Koordinasi Lintas Instansi untuk Kelancaran Pembuangan Akhir
Guna menguatkan langkah antisipasi lonjakan sampah Nataru, DLH Bantul menjalin koordinasi intensif dengan berbagai pihak terkait. Koordinasi ini dilakukan dengan Pemerintah Daerah DIY, khususnya Dinas Lingkungan Hidup dan Kehutanan (DLHK) DIY, serta Balai Pengelolaan Sampah TPA Piyungan.
Koordinasi tersebut sangat penting untuk memastikan kelancaran pembuangan akhir sampah. TPA Piyungan merupakan pusat pengolahan sampah regional yang menampung sampah dari beberapa kabupaten dan kota di DIY, termasuk Bantul. Oleh karena itu, kelancaran akses dan kapasitas TPA menjadi kunci utama.
"Kami berkoordinasi agar ritme pengangkutan ke Piyungan tetap lancar, terutama pada masa puncak liburan," jelas Bambang Purwadi Nugroho. Hal ini penting untuk menghindari penumpukan sampah di tempat penampungan sementara dan memastikan proses pengelolaan sampah berjalan efisien.
Menjaga Estetika dan Kenyamanan Wisatawan di Bantul
Kesiapan teknis dan operasional yang dilakukan DLH Bantul ini merupakan langkah penting dalam menjaga estetika dan kebersihan wilayah. Bantul sebagai daerah tujuan wisata sangat mengandalkan kebersihan lingkungan untuk menarik pengunjung dan memberikan pengalaman yang nyaman.
Upaya penanganan lonjakan sampah Nataru ini diharapkan dapat menciptakan lingkungan yang bersih dan nyaman bagi masyarakat lokal maupun wisatawan. Dengan demikian, aktivitas liburan dapat berjalan tanpa terganggu oleh tumpukan sampah yang tidak sedap dipandang.
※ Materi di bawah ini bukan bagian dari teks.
(* Let $d,n,m\in\mathbb{N}$, $(a_{ij})\in\mathbb{R}^{n\times m}$ with no row identically zero, and $\alpha_1,\ldots,\alpha_n\in\mathbb{R}$. If $$\sum_{i=1}^n \alpha_i h\Big(\sum_{j=1}^m a_{ij}Z_j\Big)\le 0$$ holds for all independent $\mathbb{R}^d$-valued continuous random variables $Z_1,\ldots,Z_m$ (for which all entropies involved are finite), then $\sum_{i=1}^n\alpha_i=0$.
   Context: $h(X)=\int f_X\log\frac1{f_X}$ is the differential entropy of an $\mathbb{R}^d$-valued random vector with Lebesgue density $f_X$; "continuous" means absolutely continuous w.r.t. Lebesgue measure. *)

theory Defs
  imports "HOL-Probability.Probability"
begin

text \<open>Differential entropy (natural logarithm) of a random vector X on M:
  the library entropy with base e relative to Lebesgue measure, i.e.
  minus the KL divergence of the law of X w.r.t. lborel, which equals
  the integral of f log (1/f) for a density f.\<close>
definition diff_entropy :: "'w measure \<Rightarrow> ('w \<Rightarrow> 'a::euclidean_space) \<Rightarrow> real" where
  "diff_entropy M X = prob_space.entropy M (exp 1) lborel X"

definition continuous_rv :: "'w measure \<Rightarrow> ('w \<Rightarrow> 'a::euclidean_space) \<Rightarrow> bool" where
  "continuous_rv M X \<longleftrightarrow> X \<in> borel_measurable M \<and>
     absolutely_continuous lborel (distr M lborel X)"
Kepala DLH Bantul mengharapkan seluruh personel serta mitra dari berbagai instansi dapat bekerja optimal selama masa liburan. "Harapannya, masyarakat dan wisatawan dapat beraktivitas dengan nyaman tanpa terganggu tumpukan sampah," pungkasnya, menegaskan komitmen DLH Bantul.